* WORK TO COMPLETE *
In the data below, find the line that contains "q = \<beta>" and the line that contains "since x1 + x2". Copy both, plus every line between them, exactly.

(Dataset entries)
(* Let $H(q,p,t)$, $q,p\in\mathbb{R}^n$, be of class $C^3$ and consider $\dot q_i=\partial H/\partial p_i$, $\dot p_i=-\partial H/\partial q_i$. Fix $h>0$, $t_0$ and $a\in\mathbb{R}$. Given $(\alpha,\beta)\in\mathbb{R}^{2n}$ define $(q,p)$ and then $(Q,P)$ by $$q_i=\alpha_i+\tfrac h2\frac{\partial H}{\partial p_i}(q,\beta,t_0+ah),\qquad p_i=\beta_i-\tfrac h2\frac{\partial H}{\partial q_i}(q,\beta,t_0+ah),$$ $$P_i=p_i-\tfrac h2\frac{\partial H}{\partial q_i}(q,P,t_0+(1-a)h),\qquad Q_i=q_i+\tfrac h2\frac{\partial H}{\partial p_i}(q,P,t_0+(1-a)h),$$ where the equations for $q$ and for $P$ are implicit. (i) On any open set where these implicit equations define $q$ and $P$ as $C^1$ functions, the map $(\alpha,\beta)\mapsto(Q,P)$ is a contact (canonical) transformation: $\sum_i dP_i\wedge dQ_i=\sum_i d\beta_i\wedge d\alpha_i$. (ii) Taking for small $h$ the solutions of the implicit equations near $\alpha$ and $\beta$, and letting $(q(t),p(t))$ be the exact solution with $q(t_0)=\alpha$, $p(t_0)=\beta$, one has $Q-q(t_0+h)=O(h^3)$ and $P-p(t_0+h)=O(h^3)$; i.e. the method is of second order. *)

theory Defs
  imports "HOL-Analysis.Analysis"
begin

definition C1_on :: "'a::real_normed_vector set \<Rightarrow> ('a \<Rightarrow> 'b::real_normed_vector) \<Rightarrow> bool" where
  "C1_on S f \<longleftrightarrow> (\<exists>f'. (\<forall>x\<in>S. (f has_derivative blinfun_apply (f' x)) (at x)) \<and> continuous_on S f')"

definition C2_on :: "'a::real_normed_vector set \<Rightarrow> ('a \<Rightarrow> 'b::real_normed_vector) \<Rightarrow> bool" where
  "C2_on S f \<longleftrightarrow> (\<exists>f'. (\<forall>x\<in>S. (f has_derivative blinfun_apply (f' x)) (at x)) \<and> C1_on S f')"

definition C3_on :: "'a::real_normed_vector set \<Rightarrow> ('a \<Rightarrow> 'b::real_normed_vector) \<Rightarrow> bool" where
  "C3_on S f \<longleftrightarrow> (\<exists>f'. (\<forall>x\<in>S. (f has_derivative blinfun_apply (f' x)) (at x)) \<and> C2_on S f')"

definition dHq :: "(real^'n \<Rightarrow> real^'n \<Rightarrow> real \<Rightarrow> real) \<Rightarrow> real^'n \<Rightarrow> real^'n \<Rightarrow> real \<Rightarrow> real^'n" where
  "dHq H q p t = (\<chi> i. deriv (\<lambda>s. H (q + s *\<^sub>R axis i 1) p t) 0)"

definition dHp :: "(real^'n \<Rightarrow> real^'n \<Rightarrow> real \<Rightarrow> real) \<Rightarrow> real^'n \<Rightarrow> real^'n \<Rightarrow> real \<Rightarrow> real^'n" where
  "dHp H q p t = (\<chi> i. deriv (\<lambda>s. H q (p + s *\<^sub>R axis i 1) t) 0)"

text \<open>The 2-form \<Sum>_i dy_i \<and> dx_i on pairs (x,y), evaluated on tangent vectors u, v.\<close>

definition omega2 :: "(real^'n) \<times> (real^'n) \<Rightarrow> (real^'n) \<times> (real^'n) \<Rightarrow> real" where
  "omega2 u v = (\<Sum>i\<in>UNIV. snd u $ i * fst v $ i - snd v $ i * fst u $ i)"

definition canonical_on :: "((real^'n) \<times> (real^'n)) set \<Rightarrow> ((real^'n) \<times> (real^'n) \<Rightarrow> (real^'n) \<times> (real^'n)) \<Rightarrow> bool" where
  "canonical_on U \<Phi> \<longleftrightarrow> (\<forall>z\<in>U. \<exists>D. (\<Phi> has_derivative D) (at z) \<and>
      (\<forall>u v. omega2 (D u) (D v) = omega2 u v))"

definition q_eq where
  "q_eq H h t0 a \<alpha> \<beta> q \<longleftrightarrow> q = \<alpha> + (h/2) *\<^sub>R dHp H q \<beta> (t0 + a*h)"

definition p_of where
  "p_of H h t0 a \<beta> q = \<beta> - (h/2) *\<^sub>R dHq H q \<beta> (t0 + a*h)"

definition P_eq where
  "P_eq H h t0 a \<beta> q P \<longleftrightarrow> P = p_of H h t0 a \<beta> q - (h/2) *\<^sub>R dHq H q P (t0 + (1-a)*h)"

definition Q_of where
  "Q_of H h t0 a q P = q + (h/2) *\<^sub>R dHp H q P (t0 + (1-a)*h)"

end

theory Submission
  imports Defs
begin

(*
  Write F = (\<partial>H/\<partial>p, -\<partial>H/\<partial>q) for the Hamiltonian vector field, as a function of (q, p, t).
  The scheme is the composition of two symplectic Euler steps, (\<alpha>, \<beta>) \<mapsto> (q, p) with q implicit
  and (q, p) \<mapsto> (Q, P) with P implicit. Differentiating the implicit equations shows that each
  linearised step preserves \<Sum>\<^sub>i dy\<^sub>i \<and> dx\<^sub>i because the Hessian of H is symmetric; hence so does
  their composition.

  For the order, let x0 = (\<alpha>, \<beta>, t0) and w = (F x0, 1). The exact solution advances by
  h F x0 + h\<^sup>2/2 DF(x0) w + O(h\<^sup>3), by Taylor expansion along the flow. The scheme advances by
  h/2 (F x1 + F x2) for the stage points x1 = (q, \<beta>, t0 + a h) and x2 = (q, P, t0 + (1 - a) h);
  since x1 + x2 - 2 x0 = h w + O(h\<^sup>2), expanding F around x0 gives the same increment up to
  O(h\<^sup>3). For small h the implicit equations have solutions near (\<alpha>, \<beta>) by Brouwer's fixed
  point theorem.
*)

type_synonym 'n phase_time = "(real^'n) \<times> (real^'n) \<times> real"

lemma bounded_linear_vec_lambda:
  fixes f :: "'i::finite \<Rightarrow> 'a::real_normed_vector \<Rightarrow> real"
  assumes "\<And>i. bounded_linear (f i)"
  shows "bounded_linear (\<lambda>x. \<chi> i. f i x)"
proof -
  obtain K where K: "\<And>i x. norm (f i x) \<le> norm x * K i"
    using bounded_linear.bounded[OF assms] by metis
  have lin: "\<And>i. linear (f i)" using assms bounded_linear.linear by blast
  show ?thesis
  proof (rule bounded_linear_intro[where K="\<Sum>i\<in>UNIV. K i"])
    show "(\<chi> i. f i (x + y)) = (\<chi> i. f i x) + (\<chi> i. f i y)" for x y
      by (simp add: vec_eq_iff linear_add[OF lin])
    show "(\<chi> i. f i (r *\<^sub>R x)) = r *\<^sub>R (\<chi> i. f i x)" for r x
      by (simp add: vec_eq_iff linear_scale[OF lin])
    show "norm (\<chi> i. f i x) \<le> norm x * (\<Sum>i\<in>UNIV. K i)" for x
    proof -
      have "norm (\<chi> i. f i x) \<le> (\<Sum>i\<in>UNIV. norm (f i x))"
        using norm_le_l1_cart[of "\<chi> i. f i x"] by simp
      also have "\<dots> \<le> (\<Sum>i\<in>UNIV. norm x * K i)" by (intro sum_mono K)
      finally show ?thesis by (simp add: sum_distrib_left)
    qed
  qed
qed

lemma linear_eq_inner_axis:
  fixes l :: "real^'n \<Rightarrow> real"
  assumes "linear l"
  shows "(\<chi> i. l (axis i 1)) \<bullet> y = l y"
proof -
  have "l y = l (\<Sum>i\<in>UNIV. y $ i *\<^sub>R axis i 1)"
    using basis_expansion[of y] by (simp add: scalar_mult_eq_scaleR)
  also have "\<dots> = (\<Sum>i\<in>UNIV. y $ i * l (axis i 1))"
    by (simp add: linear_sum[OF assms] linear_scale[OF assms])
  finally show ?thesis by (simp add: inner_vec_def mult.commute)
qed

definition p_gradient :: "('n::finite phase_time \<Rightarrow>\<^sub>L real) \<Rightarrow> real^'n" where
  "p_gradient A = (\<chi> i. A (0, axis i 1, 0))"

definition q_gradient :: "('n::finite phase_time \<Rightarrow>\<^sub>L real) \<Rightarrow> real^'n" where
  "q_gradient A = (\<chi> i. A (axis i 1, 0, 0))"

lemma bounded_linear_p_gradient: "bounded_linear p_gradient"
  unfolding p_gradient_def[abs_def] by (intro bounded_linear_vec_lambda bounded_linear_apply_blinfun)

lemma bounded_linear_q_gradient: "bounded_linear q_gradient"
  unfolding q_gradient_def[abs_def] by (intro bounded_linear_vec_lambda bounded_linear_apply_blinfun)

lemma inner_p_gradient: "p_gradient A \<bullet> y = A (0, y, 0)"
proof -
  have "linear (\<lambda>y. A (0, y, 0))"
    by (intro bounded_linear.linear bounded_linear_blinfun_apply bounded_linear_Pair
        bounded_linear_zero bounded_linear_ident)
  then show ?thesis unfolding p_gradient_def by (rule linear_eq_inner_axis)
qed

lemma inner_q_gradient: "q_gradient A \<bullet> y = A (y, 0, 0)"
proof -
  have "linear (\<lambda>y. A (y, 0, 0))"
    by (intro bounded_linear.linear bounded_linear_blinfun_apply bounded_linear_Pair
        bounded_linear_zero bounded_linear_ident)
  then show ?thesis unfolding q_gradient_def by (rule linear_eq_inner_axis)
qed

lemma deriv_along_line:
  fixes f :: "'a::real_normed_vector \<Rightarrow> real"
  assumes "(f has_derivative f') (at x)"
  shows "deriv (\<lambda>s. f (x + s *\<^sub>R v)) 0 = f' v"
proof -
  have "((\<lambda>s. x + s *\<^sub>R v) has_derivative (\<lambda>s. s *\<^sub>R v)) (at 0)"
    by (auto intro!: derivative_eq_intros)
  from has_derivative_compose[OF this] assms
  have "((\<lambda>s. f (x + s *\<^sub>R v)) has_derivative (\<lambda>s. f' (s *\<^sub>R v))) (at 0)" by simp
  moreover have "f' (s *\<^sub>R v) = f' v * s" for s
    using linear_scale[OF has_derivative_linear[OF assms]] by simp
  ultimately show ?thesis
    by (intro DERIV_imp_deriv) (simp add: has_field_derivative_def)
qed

* WRITTEN SOLUTION *
  "p_of H h t0 a \<beta> q = \<beta> - (h/2) *\<^sub>R dHq H q \<beta> (t0 + a*h)"

definition P_eq where
  "P_eq H h t0 a \<beta> q P \<longleftrightarrow> P = p_of H h t0 a \<beta> q - (h/2) *\<^sub>R dHq H q P (t0 + (1-a)*h)"

definition Q_of where
  "Q_of H h t0 a q P = q + (h/2) *\<^sub>R dHp H q P (t0 + (1-a)*h)"

end

theory Submission
  imports Defs
begin

(*
  Write F = (\<partial>H/\<partial>p, -\<partial>H/\<partial>q) for the Hamiltonian vector field, as a function of (q, p, t).
  The scheme is the composition of two symplectic Euler steps, (\<alpha>, \<beta>) \<mapsto> (q, p) with q implicit
  and (q, p) \<mapsto> (Q, P) with P implicit. Differentiating the implicit equations shows that each
  linearised step preserves \<Sum>\<^sub>i dy\<^sub>i \<and> dx\<^sub>i because the Hessian of H is symmetric; hence so does
  their composition.

  For the order, let x0 = (\<alpha>, \<beta>, t0) and w = (F x0, 1). The exact solution advances by
  h F x0 + h\<^sup>2/2 DF(x0) w + O(h\<^sup>3), by Taylor expansion along the flow. The scheme advances by
  h/2 (F x1 + F x2) for the stage points x1 = (q, \<beta>, t0 + a h) and x2 = (q, P, t0 + (1 - a) h);
  since x1 + x2 - 2 x0 = h w + O(h\<^sup>2), expanding F around x0 gives the same increment up to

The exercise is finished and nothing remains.